Recovery Act auditors aim to strengthen contractor oversight
Tools developed to monitor stimulus spending could have long-term benefits for IGs and financial managers.
The unprecedented federal spending spurred by the 2009 American Recovery and Reinvestment Act spawned an equally unprecedented effort to make sure the nearly $800 billion in stimulus funds authorized by the law were not misused. That oversight effort, and the lessons learned from it, will have far-reaching benefits for agency inspectors general and taxpayers, said federal auditors charged with uncovering contractor waste, fraud and abuse, on Tuesday.
Of particular benefit is the Recovery Operations Center, a kind of intelligence clearinghouse for information about contractors and the risk they represent. It creates for the first time a central repository for contractor information available to all 29 federal inspectors general.
Director Doug Hassebrock said the operations center screens stimulus recipients using risk models to determine where to focus auditing efforts. Using open-source records, federal watch lists, and public-information aggregators like Lexis-Nexis, analysts at the center try to determine any nonobvious, but important associations company principals might have that should garner greater attention from federal investigators.
"Think of this as a lead factory. Our job is to come up with what we see as high-risk recipients or projects," he told attendees of a federal financial management conference in Washington. Hassebrock also is assistant director of the Recovery Accountability and Transparency Board, the body overseeing stimulus spending.
Hassebrock gave a recent example of the center's work: When analysts searched the DUNS number of one particular company -- the unique nine-digit number agencies use to track spending -- "it came up clean as a whistle, no problems at all," he said.

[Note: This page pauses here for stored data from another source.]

(* Let $C$ be a cake, $S$ a family of usable pieces, and $C_0\subseteq C_1\subseteq C$ pieces. Let $K$ be an $S$-good knife function on $C$ from $C_0$ to $C_1$. Let two agents $A,B$ have value measures $V_A,V_B$ on $C$ normalized so that $V_A(C)=V_B(C)=1$, and suppose that for each $i\in\{A,B\}$: $V_i^S(C_0)\le V_i^S(C\setminus C_0)$ and $V_i^S(C_1)\ge V_i^S(C\setminus C_1)$. Then for each $i$ there is $t_i\in[0,1]$ with $V_i^S(K(t_i))=V_i^S(C\setminus K(t_i))$; after renaming the agents so that $t_A\le t_B$, for every $t^*\in[t_A,t_B]$, giving $K(t^* )$ to $A$ and $C\setminus K(t^* )$ to $B$ yields a division in which each agent's $S$-value of his own piece is at least his $S$-value of the other piece, and each agent $i$'s $S$-value of his own piece is at least $$\max\Big(V_i^S(C_0),\ V_i^S(C\setminus C_1),\ \frac{1}{\mathrm{Loss}(K,S)}\Big).$$
   Context: A cake is a Borel subset $C\subseteq\mathbb{R}^d$; a piece is a Borel subset of $\mathbb{R}^d$. A value measure on $C$ is $V(X)=\int_X v$ with $v$ non-negative, bounded, integrable on $C$, $V(C)<\infty$. $S$ is a family of pieces; $V^S(X):=\sup\{V(s):s\in S, s\subseteq X\}$. $\mathrm{Loss}(X,S):=\sup_V V(X)/V^S(X)$ over finite Lebesgue-absolutely-continuous measures $V$ with $V^S(X)>0$ ($\infty$ if unbounded). A knife function on $C$ is a map $K$ from $[0,1]$ to Borel subsets of $C$ with $K(t)\subseteq K(t')$ whenever $t\le t'$; it is a knife function from $C_0$ to $C_1$ if $K(0)=C_0$ and $K(1)=C_1$. Its complement is $\overline{K}(t):=C\setminus K(t)$. $K$ is $S$-good if for every finite measure $V$ absolutely continuous w.r.t. Lebesgue measure, both $t\mapsto V^S(K(t))$ and $t\mapsto V^S(\overline K(t))$ are continuous. The geometric loss of $K$ is $\mathrm{Loss}(K,S):=\sup_{t\in[0,1]}\big(\mathrm{Loss}(K(t),S)+\mathrm{Loss}(\overline K(t),S)\big)$. *)

theory Defs
  imports "HOL-Analysis.Analysis"
begin

text \<open>Cakes and pieces live in a Euclidean space 'a (standing for R^d).
  A value measure on a cake C is given by a density v on C.\<close>

definition value_density :: "'a::euclidean_space set \<Rightarrow> ('a \<Rightarrow> real) \<Rightarrow> bool" where
  "value_density C v \<longleftrightarrow> v \<in> borel_measurable borel \<and> (\<forall>x\<in>C. 0 \<le> v x)
     \<and> bounded (v ` C) \<and> set_integrable lborel C v"

definition value_measure :: "'a::euclidean_space set \<Rightarrow> ('a \<Rightarrow> real) \<Rightarrow> 'a measure" where
  "value_measure C v = density lborel (\<lambda>x. ennreal (indicator C x * v x))"

definition fin_ac_measure :: "'a::euclidean_space measure \<Rightarrow> bool" where
  "fin_ac_measure V \<longleftrightarrow> sets V = sets borel \<and> finite_measure V \<and> absolutely_continuous lborel V"

definition VS :: "'a measure \<Rightarrow> 'a set set \<Rightarrow> 'a set \<Rightarrow> real" where
  "VS V S X = Sup (insert 0 (measure V ` {s \<in> S. s \<subseteq> X}))"

definition Loss :: "'a::euclidean_space set \<Rightarrow> 'a set set \<Rightarrow> ereal" where
  "Loss X S = (SUP V \<in> {V. fin_ac_measure V \<and> VS V S X > 0}. ereal (measure V X / VS V S X))"

definition knife_function :: "'a::euclidean_space set \<Rightarrow> (real \<Rightarrow> 'a set) \<Rightarrow> bool" where
  "knife_function C K \<longleftrightarrow> (\<forall>t\<in>{0..1}. K t \<in> sets borel \<and> K t \<subseteq> C)
     \<and> (\<forall>t\<in>{0..1}. \<forall>t'\<in>{0..1}. t \<le> t' \<longrightarrow> K t \<subseteq> K t')"

definition knife_from_to :: "'a::euclidean_space set \<Rightarrow> (real \<Rightarrow> 'a set) \<Rightarrow> 'a set \<Rightarrow> 'a set \<Rightarrow> bool" where
  "knife_from_to C K C0 C1 \<longleftrightarrow> knife_function C K \<and> K 0 = C0 \<and> K 1 = C1"

definition S_good :: "'a::euclidean_space set \<Rightarrow> 'a set set \<Rightarrow> (real \<Rightarrow> 'a set) \<Rightarrow> bool" where
  "S_good C S K \<longleftrightarrow> (\<forall>V. fin_ac_measure V \<longrightarrow>
      continuous_on {0..1} (\<lambda>t. VS V S (K t)) \<and> continuous_on {0..1} (\<lambda>t. VS V S (C - K t)))"

definition knife_Loss :: "'a::euclidean_space set \<Rightarrow> (real \<Rightarrow> 'a set) \<Rightarrow> 'a set set \<Rightarrow> ereal" where
  "knife_Loss C K S = (SUP t\<in>{0..1}. Loss (K t) S + Loss (C - K t) S)"

end

theory Submission
  imports Defs
begin

text \<open>The equalizing cuts tA and tB exist by the intermediate value theorem, and between them
  monotonicity of the knife makes the division envy-free and bounds each agent's share by
  V^S(C0) and V^S(C - C1). For the bound by 1/Loss, note first that V(X) \<le> Loss(X) V^S(X)
  for every piece X containing a usable piece of positive measure: if V^S(X) = 0 < V(X), adding a
  large multiple of V to a measure that sees a usable piece in X makes Loss(X) infinite. When both
  sides of the cut at t are of this kind, adding the two inequalities gives
  1 \<le> (Loss(K t) + Loss(C - K t)) max(V^S(K t), V^S(C - K t)) \<le> Loss(K) V^S(own piece).
  Both sides are of this kind for t between the equalizing cuts: otherwise, say, C - K t is
  invisible to S, the cut of agent B is past every visible complement, so B's whole value lies in
  C - K tB, and V_B^S(C - K s) would jump from at least 1/Loss(K) to 0 as s increases, contradicting
  the S-goodness of the knife.\<close>

definition add_measure :: "'a measure \<Rightarrow> 'a measure \<Rightarrow> 'a measure" where
  "add_measure M N = measure_of (space M) (sets M) (\<lambda>A. emeasure M A + emeasure N A)"

lemma sets_add_measure [simp]: "sets (add_measure M N) = sets M"
  by (simp add: add_measure_def)

lemma space_add_measure [simp]: "space (add_measure M N) = space M"
  by (simp add: add_measure_def)

lemma emeasure_add_measure:
  assumes "sets N = sets M"
  shows "emeasure (add_measure M N) A = emeasure M A + emeasure N A"
proof (cases "A \<in> sets M")
  case True
  show ?thesis unfolding add_measure_def
  proof (rule emeasure_measure_of_sigma)
    show "sigma_algebra (space M) (sets M)" ..
    show "positive (sets M) (\<lambda>A. emeasure M A + emeasure N A)"
      by (simp add: positive_def)
    show "countably_additive (sets M) (\<lambda>A. emeasure M A + emeasure N A)"
    proof (rule countably_additiveI)
      fix A :: "nat \<Rightarrow> _" assume "range A \<subseteq> sets M" "disjoint_family A"
      then show "(\<Sum>i. emeasure M (A i) + emeasure N (A i)) = emeasure M (\<Union>i. A i) + emeasure N (\<Union>i. A i)"
        using assms by (simp add: suminf_add [symmetric] suminf_emeasure)
    qed
  qed (fact True)
qed (use assms in \<open>simp add: emeasure_notin_sets\<close>)

lemma measure_add_measure:
  assumes "sets N = sets M" "finite_measure M" "finite_measure N"
  shows "measure (add_measure M N) A = measure M A + measure N A"
proof -
  have "emeasure M A < \<infinity>" "emeasure N A < \<infinity>"
    using finite_measure.emeasure_finite[OF assms(2), of A] finite_measure.emeasure_finite[OF assms(3), of A]
    by (simp_all add: top.not_eq_extremum)
  then show ?thesis
    by (simp add: measure_def emeasure_add_measure[OF assms(1)] enn2real_plus)
qed

lemma fin_ac_measure_add_measure:
  assumes "fin_ac_measure M" "fin_ac_measure N"
  shows "fin_ac_measure (add_measure M N)"
proof -
  have sets: "sets N = sets M" "sets M = sets borel"
    using assms by (simp_all add: fin_ac_measure_def)
  have fin: "finite_measure M" "finite_measure N"
    using assms by (simp_all add: fin_ac_measure_def)
  have "emeasure (add_measure M N) (space (add_measure M N)) < \<infinity>"
    using fin by (simp add: emeasure_add_measure[OF sets(1)] less_top[symmetric]
        finite_measure.emeasure_finite)
  moreover have "null_sets lborel \<subseteq> null_sets (add_measure M N)"
    using assms sets by (auto simp: fin_ac_measure_def absolutely_continuous_def
        null_sets_def emeasure_add_measure)
  ultimately show ?thesis
    using sets by (auto simp: fin_ac_measure_def absolutely_continuous_def intro: finite_measureI)
qed

lemma fin_ac_measure_scale_measure:
  assumes "fin_ac_measure M"
  shows "fin_ac_measure (scale_measure (ennreal r) M)"
proof -
  have "finite_measure M"
    using assms by (simp add: fin_ac_measure_def)
  then have "emeasure (scale_measure (ennreal r) M) (space M) < \<infinity>"
    by (simp add: less_top[symmetric] ennreal_mult_eq_top_iff finite_measure.emeasure_finite)
  moreover have "null_sets lborel \<subseteq> null_sets (scale_measure (ennreal r) M)"
    using assms by (auto simp: fin_ac_measure_def absolutely_continuous_def null_sets_def)
  ultimately show ?thesis
    using assms by (auto simp: fin_ac_measure_def absolutely_continuous_def space_scale_measure
        intro: finite_measureI)
qed

lemma fin_ac_measure_value_measure:
  assumes "value_density C v"
  shows "fin_ac_measure (value_measure C v)"
proof -
  have int: "integrable lborel (\<lambda>x. indicator C x *\<^sub>R v x)"
    using assms by (simp add: value_density_def set_integrable_def)
  have "\<And>x. norm (indicator C x *\<^sub>R v x) = indicator C x * v x"
    using assms by (auto simp: value_density_def indicator_def)
  then have "(\<integral>\<^sup>+x. ennreal (indicator C x * v x) \<partial>lborel) < \<infinity>"
    using integrableD(2)[OF int] by (simp add: less_top)
  moreover have meas: "(\<lambda>x. indicator C x * v x) \<in> borel_measurable lborel"
    using borel_measurable_integrable[OF int] by simp
  ultimately have "finite_measure (value_measure C v)"
    by (intro finite_measureI) (simp add: value_measure_def emeasure_density)
  moreover have "absolutely_continuous lborel (value_measure C v)"
    unfolding value_measure_def
    by (rule absolutely_continuousI_density) (use meas in \<open>auto simp: measurable_lborel1\<close>)
  ultimately show ?thesis
    by (simp add: fin_ac_measure_def value_measure_def)
qed

lemma bdd_above_measure_image:
  assumes "finite_measure V"
  shows "bdd_above (measure V ` A)"
proof -
  have "measure V B \<le> measure V (space V)" for B
    using assms by (cases "B \<in> sets V")
      (auto intro: finite_measure.finite_measure_mono dest: sets.sets_into_space simp: measure_notin_sets)
  then show ?thesis
    by (auto intro!: bdd_aboveI[where M = "measure V (space V)"])
qed

lemma VS_nonneg: "finite_measure V \<Longrightarrow> 0 \<le> VS V S X"
  unfolding VS_def by (rule cSup_upper) (auto intro: bdd_above_measure_image)

lemma VS_upper: "finite_measure V \<Longrightarrow> s \<in> S \<Longrightarrow> s \<subseteq> X \<Longrightarrow> measure V s \<le> VS V S X"
  unfolding VS_def by (rule cSup_upper) (auto intro: bdd_above_measure_image)

lemma VS_mono: "finite_measure V \<Longrightarrow> X \<subseteq> Y \<Longrightarrow> VS V S X \<le> VS V S Y"
  unfolding VS_def by (rule cSup_subset_mono) (auto intro: bdd_above_measure_image)

lemma VS_least: "0 \<le> c \<Longrightarrow> (\<And>s. s \<in> S \<Longrightarrow> s \<subseteq> X \<Longrightarrow> measure V s \<le> c) \<Longrightarrow> VS V S X \<le> c"
  unfolding VS_def by (rule cSup_least) auto

lemma VS_le_measure:
  "finite_measure V \<Longrightarrow> S \<subseteq> sets V \<Longrightarrow> X \<in> sets V \<Longrightarrow> VS V S X \<le> measure V X"
  by (rule VS_least) (auto intro: finite_measure.finite_measure_mono)

definition S_nonnull :: "'a::euclidean_space set set \<Rightarrow> 'a set \<Rightarrow> bool" where
  "S_nonnull S X \<longleftrightarrow> (\<exists>V. fin_ac_measure V \<and> 0 < VS V S X)"

lemma S_nonnull_mono: "S_nonnull S X \<Longrightarrow> X \<subseteq> Y \<Longrightarrow> S_nonnull S Y"
  unfolding S_nonnull_def fin_ac_measure_def by (meson VS_mono less_le_trans)

lemma VS_eq_0_if_not_S_nonnull: "\<not> S_nonnull S X \<Longrightarrow> fin_ac_measure V \<Longrightarrow> VS V S X = 0"
  unfolding S_nonnull_def fin_ac_measure_def by (meson VS_nonneg not_less order.antisym)

lemma Loss_eq_minf_if_not_S_nonnull:
  assumes "\<not> S_nonnull S X"
  shows "Loss X S = -\<infinity>"
proof -
  have no_measure: "{V. fin_ac_measure V \<and> 0 < VS V S X} = {}"
    using assms by (auto simp: S_nonnull_def)
  show ?thesis
    unfolding Loss_def no_measure by (simp add: bot_ereal_def)
qed
definition D_invariant :: "(('n \<Rightarrow> 'k::field_char_0) \<Rightarrow> ('n \<Rightarrow> 'k)) set \<Rightarrow> ('n \<Rightarrow> 'k) set \<Rightarrow> bool" where
  "D_invariant E Y \<longleftrightarrow> zariski_closed Y \<and> (\<forall>y\<in>Y. \<forall>\<xi>\<in>vfields E. \<xi> y \<in> tangent_space Y y)"

definition E_stable :: "(('n \<Rightarrow> 'k) \<Rightarrow> ('n \<Rightarrow> 'k)) set \<Rightarrow> ('n \<Rightarrow> 'k) set \<Rightarrow> bool" where
  "E_stable E Y \<longleftrightarrow> (\<forall>\<phi>\<in>E. \<phi> ` Y \<subseteq> Y)"

definition is_M :: "(('n \<Rightarrow> 'k::field_char_0) \<Rightarrow> ('n \<Rightarrow> 'k)) set \<Rightarrow> ('n \<Rightarrow> 'k) \<Rightarrow> ('n \<Rightarrow> 'k) set \<Rightarrow> bool" where
  "is_M E v Y \<longleftrightarrow> D_invariant E Y \<and> v \<in> Y \<and> (\<forall>Z. D_invariant E Z \<and> v \<in> Z \<longrightarrow> Y \<subseteq> Z)"

end

theory Submission
  imports Defs "HOL-Library.Function_Algebras" "Jordan_Normal_Form.Determinant"
begin

text \<open>
  \<open>E(v)\<close> is a linear subspace, hence Zariski closed, and it is \<open>E\<close>-stable because \<open>E\<close> is a
  semigroup. An \<open>E\<close>-stable closed set is \<open>D\<^sub>E\<close>-invariant because the lines \<open>y + t \<phi>(y)\<close> are the
  images of \<open>y\<close> under \<open>id + t \<phi> \<in> E\<close>.

  Conversely let \<open>Z\<close> be \<open>D\<^sub>E\<close>-invariant and \<open>f\<close> vanish on \<open>Z\<close>. By induction on \<open>d\<close>, every
  function \<open>x \<mapsto> D\<^bsub>\<phi>\<^sub>1(x)\<^esub> \<cdots> D\<^bsub>\<phi>\<^sub>d(x)\<^esub> f (x)\<close> with \<open>\<phi>\<^sub>i \<in> E\<close> vanishes on \<open>Z\<close>: differentiating
  the case \<open>d\<close> along the field \<open>\<psi> \<in> E\<close> gives the case \<open>d + 1\<close> plus terms in which one
  \<open>\<phi>\<^sub>i(x)\<close> is replaced by \<open>d\<phi>\<^sub>i(x) \<psi>(x)\<close>; the latter again lies in \<open>E(x)\<close>, being a
  coefficient of the polynomial curve \<open>t \<mapsto> \<phi>\<^sub>i(x + t \<psi>(x))\<close> in \<open>E(x)\<close>. Taking all
  \<open>\<phi>\<^sub>i = \<psi> = \<phi> - id\<close>, Taylor's formula gives \<open>f(\<phi>(x)) = f(x + \<psi>(x)) = 0\<close>.

  Finally, if \<open>\<phi>\<^sub>1(v), \<dots>, \<phi>\<^sub>m(v)\<close> is a basis of \<open>E(v)\<close>, the determinant of the coordinates of
  \<open>\<phi>\<^sub>1(w), \<dots>, \<phi>\<^sub>m(w)\<close> is a polynomial in \<open>w\<close> that does not vanish at \<open>v\<close>. Where it does not
  vanish, \<open>v\<close> is a linear combination of the \<open>\<phi>\<^sub>j(w)\<close>, so \<open>v \<in> E(w)\<close> and \<open>E(w) = E(v)\<close>.
\<close>

section \<open>Directional derivatives of polynomial functions\<close>

declare poly_fun.intros[intro]
lemma Mimp_finite_if_stable: "finite (Mimp mult (Mset mult e p k) q)"
proof -
  define D where "D \<beta> = downset mult (Mset mult e p k) (mprod mult e p \<beta> k) q" for \<beta>
  define cap where "cap \<beta> l = (if l \<in> {1..k} then min (\<beta> l) N else 0)" for \<beta> l
  define Caps where "Caps = {f. \<forall>l. (l \<in> {1..k} \<longrightarrow> f l \<in> {0..N}) \<and> (l \<notin> {1..k} \<longrightarrow> f l = 0)}"
  have "D \<beta> = D (cap \<beta>)" for \<beta>
  proof -
    have "mult (mprod mult e p \<beta> k) (mprod mult e p \<alpha> k) \<le> q
            \<longleftrightarrow> mult (mprod mult e p (cap \<beta>) k) (mprod mult e p \<alpha> k) \<le> q" for \<alpha>
    proof -
      have "mprod mult e p (\<lambda>l. min (\<beta> l + \<alpha> l) N) k
              = mprod mult e p (\<lambda>l. min (cap \<beta> l + \<alpha> l) N) k"
        by (rule mprod_cong) (simp add: cap_def)
      then have "below (\<lambda>l. \<beta> l + \<alpha> l) \<longleftrightarrow> below (\<lambda>l. cap \<beta> l + \<alpha> l)"
        using below_min_exponents[of "\<lambda>l. \<beta> l + \<alpha> l"] below_min_exponents[of "\<lambda>l. cap \<beta> l + \<alpha> l"]
        by simp
      then show ?thesis by (simp only: mprod_add)
    qed
    then show ?thesis
      unfolding D_def downset_def Mset_def by blast
  qed
  moreover have "cap \<beta> \<in> Caps" for \<beta>
    by (simp add: cap_def Caps_def)
  ultimately have "D \<beta> \<in> D ` Caps" for \<beta>
    by (metis image_eqI)
  moreover have "Mimp mult (Mset mult e p k) q \<subseteq> range D"
    unfolding Mimp_def Mset_def D_def by auto
  ultimately have "Mimp mult (Mset mult e p k) q \<subseteq> D ` Caps"
    by blast
  moreover have "finite Caps"
    unfolding Caps_def by (rule finite_set_of_finite_funs) auto
  ultimately show ?thesis
    using finite_subset by blast
qed

end

end

lemma downset_antimono:
  assumes "m \<le> m'"
  shows "downset mult M m' q \<subseteq> downset mult M m q"
  unfolding downset_def by (auto intro: order_trans[OF mult_left_mono[OF assms]])

lemma Mimp_chain:
  assumes "X \<in> Mimp mult M q" and "Y \<in> Mimp mult M q"
  shows "X \<subseteq> Y \<or> Y \<subseteq> X"
proof -
  obtain m m' where "X = downset mult M m q" "Y = downset mult M m' q"
    using assms unfolding Mimp_def by blast
  then show ?thesis
    using linear[of m m'] downset_antimono by metis
qed

end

"However, the other dozen DUNS numbers the company is associated with all have been debarred from federal service for fraud," Hassebrock added. "On the day the parent company was debarred [a subsidiary company] got a Recovery Act contract and two more the day after."
Companies debarred from doing business with the federal government can circumvent that by setting up a new company under an associate. "All you've got to do is have your spouse or your neighbor down the street or whoever you want open up a company with a new DUNS number and you're back in business," he said.
Besides collecting and analyzing data, the center also shares information among the 29 federal inspectors general. If an IG calls the center with concerns about a particular contractor, officials can determine if other agencies also have had problems with the contractor and share that information, so the two agencies can coordinate an investigation if appropriate.
"As basic as that sounds, you'd be amazed that [was not happening]. It's very powerful -- you have 29 IGs focused together against similar targets," Hassebrock said.
The center has been a "phenomenal" help to agency IGs, said Richard Skinner, Homeland Security Department IG and vice chairman of the Recovery Board. "The center's legacy will live well beyond the Recovery Board."